Forse questo piccolo limite è dato dal fatto che l'impianto frenante è potente e ben tarato per le prestazioni della moto, ma poco modulabile, soprattutto al posteriore. Nulla a cui non si faccia l'abitudine con un po' di chilometri in compagnia.

Così come c'è da fare il callo al feeling limitato delle Michelin di primo equipaggiamento, che però non tolgono nulla in termini di prestazioni e anzi durante il test nonostante qualche lastra di ghiaccio e l'asfalto a tratti inzuppato hanno dimostrato la loro validità.

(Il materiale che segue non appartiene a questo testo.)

lemma dual_action_continuous:
  fixes H :: "real \<Rightarrow> 'g::topological_ab_group_add \<Rightarrow> 'g"
  assumes lc: "locally_compact_space (top_of_set (carrier E))"
    and cH: "continuous_on (carrier E \<times> UNIV) (\<lambda>(\<epsilon>, x). H \<epsilon> x)"
    and dual: "\<And>\<epsilon> \<gamma>. \<epsilon> \<in> carrier E \<Longrightarrow> \<gamma> \<in> dual_group \<Longrightarrow> \<gamma> \<circ> H \<epsilon> \<in> dual_group"
  shows "continuous_map (prod_topology (top_of_set (carrier E)) dual_topology) dual_topology
           (\<lambda>(\<epsilon>, \<gamma>). \<gamma> \<circ> H \<epsilon>)"
  unfolding continuous_map_def
proof (intro conjI allI impI)
  let ?X = "prod_topology (top_of_set (carrier E)) dual_topology"
  have topX: "topspace ?X = carrier E \<times> dual_group" by (simp add: topspace_dual_topology)
  show "(\<lambda>(\<epsilon>, \<gamma>). \<gamma> \<circ> H \<epsilon>) \<in> topspace ?X \<rightarrow> topspace dual_topology"
    using dual by (auto simp: topX topspace_dual_topology)
  fix V :: "('g \<Rightarrow> complex) set" assume V: "openin dual_topology V"
  show "openin ?X {p \<in> topspace ?X. (case p of (\<epsilon>, \<gamma>) \<Rightarrow> \<gamma> \<circ> H \<epsilon>) \<in> V}"
  proof (subst openin_subopen, safe)
    fix \<epsilon>0 \<gamma>0 assume p: "(\<epsilon>0, \<gamma>0) \<in> topspace ?X" "\<gamma>0 \<circ> H \<epsilon>0 \<in> V"
    then have \<epsilon>0: "\<epsilon>0 \<in> carrier E" and \<gamma>0: "\<gamma>0 \<in> dual_group" by (auto simp: topspace_dual_topology)
    obtain K e where K: "compact K" and e: "e > 0" and KeV: "dual_nbhd (\<gamma>0 \<circ> H \<epsilon>0) K e \<subseteq> V"
      using V p(2) unfolding openin_dual_topology by blast
    obtain U K' where U: "openin (top_of_set (carrier E)) U" "\<epsilon>0 \<in> U" and K': "compact K'"
      and est: "\<And>\<epsilon> \<gamma>. \<epsilon> \<in> U \<Longrightarrow> \<gamma> \<in> dual_nbhd \<gamma>0 K' (e/2) \<Longrightarrow> \<gamma> \<circ> H \<epsilon> \<in> dual_nbhd (\<gamma>0 \<circ> H \<epsilon>0) K e"
      using dual_action_local_estimate[OF lc cH dual \<epsilon>0 \<gamma>0 K e] by blast
    have e2: "e/2 > 0" using e by simp
    show "\<exists>T. openin ?X T \<and> (\<epsilon>0, \<gamma>0) \<in> T \<and> T \<subseteq> {p \<in> topspace ?X. (case p of (\<epsilon>, \<gamma>) \<Rightarrow> \<gamma> \<circ> H \<epsilon>) \<in> V}"
    proof (intro exI conjI)
      show "openin ?X (U \<times> dual_nbhd \<gamma>0 K' (e/2))"
        using U(1) dual_nbhd_openin(1)[OF \<gamma>0 K' e2] by (simp add: openin_prod_Times_iff)
      show "(\<epsilon>0, \<gamma>0) \<in> U \<times> dual_nbhd \<gamma>0 K' (e/2)"
        using U(2) dual_nbhd_openin(2)[OF \<gamma>0 K' e2] by simp
      show "U \<times> dual_nbhd \<gamma>0 K' (e/2) \<subseteq> {p \<in> topspace ?X. (case p of (\<epsilon>, \<gamma>) \<Rightarrow> \<gamma> \<circ> H \<epsilon>) \<in> V}"
        using est KeV openin_imp_subset[OF U(1)] by (auto simp: topspace_dual_topology dual_nbhd_def)
    qed
  qed
qed
text \<open>Otherwise player I could answer every position extending \<open>p\<close> with a bound on II's
  replies, and II would never again play above I's move.\<close>

lemma unbounded_extension_exists: "\<exists>w. unbounded_at (p @ w)"
proof (rule ccontr)
  assume "\<nexists>w. unbounded_at (p @ w)"
  then have bounded: "\<exists>K. \<forall>m. \<tau> (p @ w @ [m]) \<le> K" for w
    by (auto simp: unbounded_at_def not_less)
  define bound where "bound q = (SOME K. \<forall>m. \<tau> (q @ [m]) \<le> K)" for q
  define P where "P j = ((\<lambda>q. q @ [bound q]) ^^ j) p" for j
  have P_0: "P 0 = p" and P_Suc: "P (Suc j) = P j @ [bound (P j)]" for j
    by (simp_all add: P_def)
  have P_len: "length (P j) = length p + j" for j
    by (induction j) (simp_all add: P_0 P_Suc)
  have P_bound: "\<tau> (P j @ [m]) \<le> bound (P j)" for j m
  proof -
    have "\<exists>w. P j = p @ w"
    proof (induction j)
      case (Suc j)
      then obtain w where "P j = p @ w" by blast
      then show ?case
        by (intro exI[of _ "w @ [bound (P j)]"]) (simp add: P_Suc)
    qed (simp add: P_0)
    then obtain w where w: "P j = p @ w" by blast
    have "\<exists>K. \<forall>m. \<tau> (P j @ [m]) \<le> K"
      using bounded[of w] by (simp add: w)
    then have "\<forall>m. \<tau> (P j @ [m]) \<le> bound (P j)"
      unfolding bound_def by (rule someI_ex)
    then show ?thesis ..
  qed
  define m where "m = chain_limit P"
  have grow: "\<exists>w. P (Suc r) = P r @ w \<and> w \<noteq> []" for r
    by (simp add: P_Suc)
  have "\<not> m k < \<tau> (map m [0..<Suc k])" if late: "length p \<le> k" for k
  proof -
    obtain j where k: "k = length p + j"
      using le_Suc_ex[OF late] by blast
    have "map m [0..<Suc k] = take (Suc k) (P (Suc j))"
      unfolding m_def by (rule growing_lists_limit[of P, OF grow]) (simp add: P_len k)
    also have "\<dots> = P (Suc j)"
      by (simp add: P_len k)
    finally have play: "map m [0..<Suc k] = P (Suc j)" .
    have "m k = map m [0..<Suc k] ! k"
      by (simp del: upt_Suc)
    also have "\<dots> = P (Suc j) ! k"
      by (simp only: play)
    also have "\<dots> = bound (P j)"
      by (simp add: P_Suc P_len k nth_append)
    finally show ?thesis
      by (simp add: play P_Suc not_less P_bound del: upt_Suc)
  qed
  then have "{k. m k < \<tau> (map m [0..<Suc k])} \<subseteq> {..<length p}"
    by (auto simp: not_le[symmetric])
  then have "finite {k. m k < \<tau> (map m [0..<Suc k])}"
    using finite_subset by blast
  moreover have "infinite {k. m k < \<tau> (map m [0..<Suc k])}"
    using winning by (simp add: G1_winning_II_def G1_II_wins_play_def INFM_iff_infinite)
  ultimately show False by contradiction
qed

definition unbounded_ext :: "nat list \<Rightarrow> nat list" where
  "unbounded_ext p = p @ (SOME w. unbounded_at (p @ w))"

lemma unbounded_at_unbounded_ext: "unbounded_at (unbounded_ext p)"
  unfolding unbounded_ext_def using unbounded_extension_exists by (rule someI_ex)

definition jump :: "nat list \<Rightarrow> nat set \<Rightarrow> nat list" where
  "jump p V = p @ [SOME m. \<forall>v\<in>V. v < \<tau> (p @ [m])]"

lemma jump_above:
  assumes "unbounded_at p" "finite V"
  shows "V \<subseteq> {..<\<tau> (jump p V)}"
proof -
  obtain m where m: "Max (insert 0 V) < \<tau> (p @ [m])"
    using assms(1) by (auto simp: unbounded_at_def)
  have "\<forall>v\<in>V. v < \<tau> (p @ [m])"
  proof
    fix v assume "v \<in> V"
    then have "v \<le> Max (insert 0 V)" using assms(2) by simp
    with m show "v < \<tau> (p @ [m])" by linarith
  qed
  then have "\<forall>v\<in>V. v < \<tau> (jump p V)"
    unfolding jump_def by (rule someI[where P = "\<lambda>m. \<forall>v\<in>V. v < \<tau> (p @ [m])"])
  then show ?thesis by auto
qed

definition advance :: "nat list \<Rightarrow> nat set \<Rightarrow> nat list" where
  "advance p V = unbounded_ext (jump p V)"

lemma advance_extends: "\<exists>w. advance p V = p @ w \<and> w \<noteq> []"
  by (simp add: advance_def unbounded_ext_def jump_def)

lemma unbounded_at_advance: "unbounded_at (advance p V)"
  by (simp add: advance_def unbounded_at_unbounded_ext)

lemma advance_new_responses:
  assumes "unbounded_at p" "finite V" "x \<in> responses (advance p V)" "x \<notin> responses p"
  shows "V \<subseteq> {..<x}"
proof -
  let ?q = "jump p V"
  have "V \<subseteq> {..<\<tau> ?q}"
    using assms(1,2) by (rule jump_above)
  moreover have "\<tau> ?q \<le> x"
  proof (cases "x \<in> responses ?q")
    case True
    from True assms(4) have "x = \<tau> ?q"
      unfolding jump_def by (rule new_response_snoc)
    then show ?thesis by simp
  next
    case False
    with assms(3) have "\<tau> ?q < x"
      unfolding advance_def unbounded_ext_def by (intro new_response_above) (auto simp: jump_def)
    then show ?thesis by simp
  qed
  ultimately show ?thesis by auto
qed

fun next_round :: "nat list \<times> nat list \<Rightarrow> nat list \<times> nat list" where
  "next_round (p, q) =
    (let p' = advance p (responses p \<union> responses q) in (p', advance q (responses p' \<union> responses q)))"

text \<open>Each new response in one play exceeds everything played so far in both plays.\<close>

lemma next_round_responses:
  assumes "unbounded_at p" "unbounded_at q" "next_round (p, q) = (p', q')"
  shows "responses p' \<inter> responses q' \<subseteq> responses p \<inter> responses q"
proof
  fix x assume x: "x \<in> responses p' \<inter> responses q'"
  have p': "p' = advance p (responses p \<union> responses q)"
    and q': "q' = advance q (responses p' \<union> responses q)"
    using assms(3) by (auto simp: Let_def)
  have "x \<in> responses q"
  proof (rule ccontr)
    assume "x \<notin> responses q"
    with x q' have "responses p' \<union> responses q \<subseteq> {..<x}"
      by (intro advance_new_responses[OF assms(2)]) auto
    with x show False by auto
  qed
  moreover have "x \<in> responses p"
  proof (rule ccontr)
    assume "x \<notin> responses p"
    with x p' have "responses p \<union> responses q \<subseteq> {..<x}"
      by (intro advance_new_responses[OF assms(1)]) auto
    with \<open>x \<in> responses q\<close> show False by auto
  qed
  ultimately show "x \<in> responses p \<inter> responses q" by blast
qed

definition rounds :: "nat \<Rightarrow> nat list \<times> nat list" where
  "rounds r = (next_round ^^ r) (unbounded_ext [], unbounded_ext [])"

lemma rounds_invariant:
  "unbounded_at (fst (rounds r)) \<and> unbounded_at (snd (rounds r)) \<and>
   responses (fst (rounds r)) \<inter> responses (snd (rounds r)) \<subseteq> responses (unbounded_ext [])"
proof (induction r)
  case 0
  show ?case by (simp add: rounds_def unbounded_at_unbounded_ext)
next
  case (Suc r)
  obtain p q where pq: "rounds r = (p, q)" by fastforce
  obtain p' q' where pq': "next_round (p, q) = (p', q')" by fastforce
  have "rounds (Suc r) = (p', q')"
    using pq pq' by (simp add: rounds_def)
  moreover have "unbounded_at p'" "unbounded_at q'"
    using pq' by (auto simp: Let_def unbounded_at_advance)
  moreover have "responses p' \<inter> responses q' \<subseteq> responses p \<inter> responses q"
    using Suc.IH pq pq' by (intro next_round_responses) auto
  ultimately show ?case
    using Suc.IH pq by auto
qed

lemma rounds_grow:
  "\<exists>w. fst (rounds (Suc r)) = fst (rounds r) @ w \<and> w \<noteq> []"
  "\<exists>w. snd (rounds (Suc r)) = snd (rounds r) @ w \<and> w \<noteq> []"
  by (cases "rounds r"; simp add: rounds_def Let_def advance_extends)+

lemma outcome_chain_limit:
  assumes grow: "\<And>r. \<exists>w. P (Suc r) = P r @ w \<and> w \<noteq> []"
  shows "outcome (chain_limit P) \<subseteq> (\<Union>r. responses (P r))"
proof
  fix y assume "y \<in> outcome (chain_limit P)"
  then obtain k where y: "y = \<tau> (map (chain_limit P) [0..<Suc k])"
    by (auto simp: outcome_def)
  have len: "Suc k \<le> length (P (Suc k))"
    by (rule growing_lists_length[of P, OF grow])
  then have "map (chain_limit P) [0..<Suc k] = take (Suc k) (P (Suc k))"
    by (rule growing_lists_limit[of P, OF grow])
  with len have "y \<in> responses (P (Suc k))"
    unfolding responses_def y by (intro image_eqI[of _ _ k]) auto
  moreover have "responses (P (Suc k)) \<subseteq> (\<Union>r. responses (P r))"
    by (rule UN_upper[of "Suc k" UNIV "\<lambda>r. responses (P r)", OF UNIV_I])
  ultimately show "y \<in> (\<Union>r. responses (P r))"
    by (rule subsetD[rotated])
qed

lemma growing_lists_responses_mono:
  assumes grow: "\<And>r. \<exists>w. P (Suc r) = P r @ w \<and> w \<noteq> []" and "r \<le> r'"
  shows "responses (P r) \<subseteq> responses (P r')"
proof -
  obtain w where "P r' = P r @ w"
    using growing_lists_prefix[of P, OF grow assms(2)] by blast
  then show ?thesis
    using responses_append[of "P r" w] by simp
qed

lemma two_plays_almost_disjoint: "\<exists>m m'. finite (outcome m \<inter> outcome m')"
proof -
  define PA where "PA r = fst (rounds r)" for r
  define PB where "PB r = snd (rounds r)" for r
  have growA: "\<And>r. \<exists>w. PA (Suc r) = PA r @ w \<and> w \<noteq> []"
    and growB: "\<And>r. \<exists>w. PB (Suc r) = PB r @ w \<and> w \<noteq> []"
    unfolding PA_def PB_def by (rule rounds_grow)+
  have "(\<Union>r. responses (PA r)) \<inter> (\<Union>r. responses (PB r)) \<subseteq> responses (unbounded_ext [])"
  proof
    fix x assume "x \<in> (\<Union>r. responses (PA r)) \<inter> (\<Union>r. responses (PB r))"
    then obtain r r' where x: "x \<in> responses (PA r)" "x \<in> responses (PB r')" by blast
    define R where "R = max r r'"
    have "responses (PA r) \<subseteq> responses (PA R)" "responses (PB r') \<subseteq> responses (PB R)"
      using growing_lists_responses_mono[of PA, OF growA, of r R]
        growing_lists_responses_mono[of PB, OF growB, of r' R] by (simp_all add: R_def)
    with x have "x \<in> responses (PA R) \<inter> responses (PB R)" by blast
    moreover have "responses (PA R) \<inter> responses (PB R) \<subseteq> responses (unbounded_ext [])"
      unfolding PA_def PB_def by (rule rounds_invariant[THEN conjunct2, THEN conjunct2])
    ultimately show "x \<in> responses (unbounded_ext [])" by blast
  qed
  then have "finite ((\<Union>r. responses (PA r)) \<inter> (\<Union>r. responses (PB r)))"
    by (rule finite_subset) simp
  moreover have "outcome (chain_limit PA) \<inter> outcome (chain_limit PB)
      \<subseteq> (\<Union>r. responses (PA r)) \<inter> (\<Union>r. responses (PB r))"
    using outcome_chain_limit[of PA, OF growA] outcome_chain_limit[of PB, OF growB]
    by (rule Int_mono)
  ultimately have "finite (outcome (chain_limit PA) \<inter> outcome (chain_limit PB))"
    by (rule finite_subset[rotated])
  then show ?thesis
    by blast
qed

end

E da brava inglesina la Trident mostra di essere a modo anche su un altro aspetto fondamentale, come i consumi. Nei 220 km di prova in cui non c'è stata particolare parsimonia ha saputo attestarsi a poco più di 20 km con un litro di verde. Si è rivelata equilibrata e già grande, seppur piccola per segmentazione di mercato, fin dal suo debutto dimostrando di poter portare senza troppa pressione un nome così importante per la casa britannica.

Quanto costa

Una naked entry-level dai dettagli premium, con un prezzo che però rimane competitivo: il listino parte da 7.995 euro.

Che può essere naturalmente ritoccato al rialzo già dalla scelta dei colori: Cristal White e Sapphire Black sono infatti di serie, mentre per le combinazioni Matt Jet Black e Silver Ice servono 100 euro in più.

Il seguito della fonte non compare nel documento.